Texas, Iceland, Canada have become new hubs. Sangha Renewables launched a 20MW solar project in Texas, Phoenix Group invested in 30MW hydroelectric operations in Ethiopia, and Canaan partnered with Soluna to deploy wind power facilities and develop energy-efficient mining equipment.
Data speaks volumes: according to the latest research from Cambridge, by 2025, 52.4% of global Bitcoin mining energy will come from renewable sources (wind/hydro accounting for 42.6%, nuclear 9.8%), a significant increase from 2022. This is not just environmental showmanship but a real cost strategy—electricity costs are the biggest expense in mining, and low electricity prices mean hope for survival.
Moreover, this approach can also address regulatory and ESG investor demands. Just like Tether’s forced shutdown of local facilities due to rising energy prices in Uruguay, forward-looking miners are already ahead of the curve.
Who will survive?
The industry has entered the most intense elimination race. Wolfie Zhao, analyst at TheMinerMag, admits that US-listed miners are shrinking their market share due to overseas competition, and heavily indebted operators face a “grim” outlook.

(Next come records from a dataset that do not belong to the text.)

(* Consider the $T$-round online first-price auction problem described in the context. For any $V_T\in\left[\frac{36}{T},\frac{T}{4}\right]$, \[ \inf_{\pi\in\Pi}\ \sup_{(v_t,m_t)_{t=1}^T\in\mathcal{V}}\mathbb{E}[\mathrm{DR}_T(\pi)]\ge\frac{\sqrt{TV_T}}{16}. \]
   Context: Online first-price auction over $T$ rounds: at each round $t$ the learner observes a private value $v_t\in[0,1]$, submits a bid $b_t\in[0,1]$, then observes $m_t\in[0,1]$, the highest bid of the other bidders, and receives reward $r(b_t;v_t,m_t)$ with $r(b;v,m)\coloneqq(v-b)\mathbbm{1}(b\ge m)$. An admissible policy $\pi\in\Pi$ is a sequence of measurable functions $\pi_t$ with $b_t=\pi_t((v_s,m_s)_{s=1}^{t-1},v_t,U)$, where $U$ is the learner's internal random variable. The expected dynamic regret is $\mathbb{E}[\mathrm{DR}_T(\pi)]\coloneqq\sum_{t=1}^T\max\{v_t-m_t,0\}-\sum_{t=1}^T\mathbb{E}[r(b_t;v_t,m_t)]$. $\mathcal{V}\coloneqq\{(v_t,m_t)_{t=1}^T\in[0,1]^{2T}:\sum_{t=2}^T|m_t-m_{t-1}|\le V_T\}$. *)

theory Defs
  imports "HOL-Probability.Probability"
begin

definition fpa_reward :: "real \<Rightarrow> real \<Rightarrow> real \<Rightarrow> real" where
  "fpa_reward b v m = (if m \<le> b then v - b else 0)"

text \<open>A policy: pi t hist v u is the bid at round t given the history
  hist = [(v_1,m_1),...,(v_{t-1},m_{t-1})], the current value v and the
  realisation u of the learner's internal random variable U, distributed
  according to the probability measure M.\<close>
type_synonym 'u policy = "nat \<Rightarrow> (real \<times> real) list \<Rightarrow> real \<Rightarrow> 'u \<Rightarrow> real"

definition admissible_policy :: "'u measure \<Rightarrow> 'u policy \<Rightarrow> bool" where
  "admissible_policy M \<pi> \<longleftrightarrow>
     (\<forall>t hist v. \<pi> t hist v \<in> borel_measurable M) \<and>
     (\<forall>t hist v. \<forall>u\<in>space M. \<pi> t hist v u \<in> {0..1})"

text \<open>Bid at round t (rounds indexed 1..T).\<close>
definition bid :: "'u policy \<Rightarrow> (nat \<Rightarrow> real) \<Rightarrow> (nat \<Rightarrow> real) \<Rightarrow> nat \<Rightarrow> 'u \<Rightarrow> real" where
  "bid \<pi> v m t u = \<pi> t (map (\<lambda>s. (v s, m s)) [1..<t]) (v t) u"

definition exp_dyn_regret ::
  "'u measure \<Rightarrow> 'u policy \<Rightarrow> nat \<Rightarrow> (nat \<Rightarrow> real) \<Rightarrow> (nat \<Rightarrow> real) \<Rightarrow> real" where
  "exp_dyn_regret M \<pi> T v m =
     (\<Sum>t=1..T. max (v t - m t) 0)
     - (\<Sum>t=1..T. \<integral>u. fpa_reward (bid \<pi> v m t u) (v t) (m t) \<partial>M)"

definition adv_class :: "nat \<Rightarrow> real \<Rightarrow> ((nat \<Rightarrow> real) \<times> (nat \<Rightarrow> real)) set" where
  "adv_class T V = {(v, m). (\<forall>t\<in>{1..T}. v t \<in> {0..1} \<and> m t \<in> {0..1}) \<and>
                            (\<Sum>t=2..T. \<bar>m t - m (t - 1)\<bar>) \<le> V}"

end

theory Submission
  imports Defs
begin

But winners who successfully transform are emerging—companies like Iris Energy, Cipher Mining, and CleanSpark are favored by JPMorgan and Needham, with target prices continuously raised. The entire industry is expected to see a 35% HPC conversion rate by 2026, with market potential reaching hundreds of billions of dollars.
The conclusion
This is not only a life-and-death crisis for Bitcoin miners but also a window into the evolution of the crypto industry. Miners who can successfully convert their advantages in power and infrastructure into AI-era competitiveness will become true winners. Those clinging to traditional methods and lacking capital are likely already seeing the endgame. The transformation of miners is becoming an important indicator of the maturity of the Bitcoin ecosystem.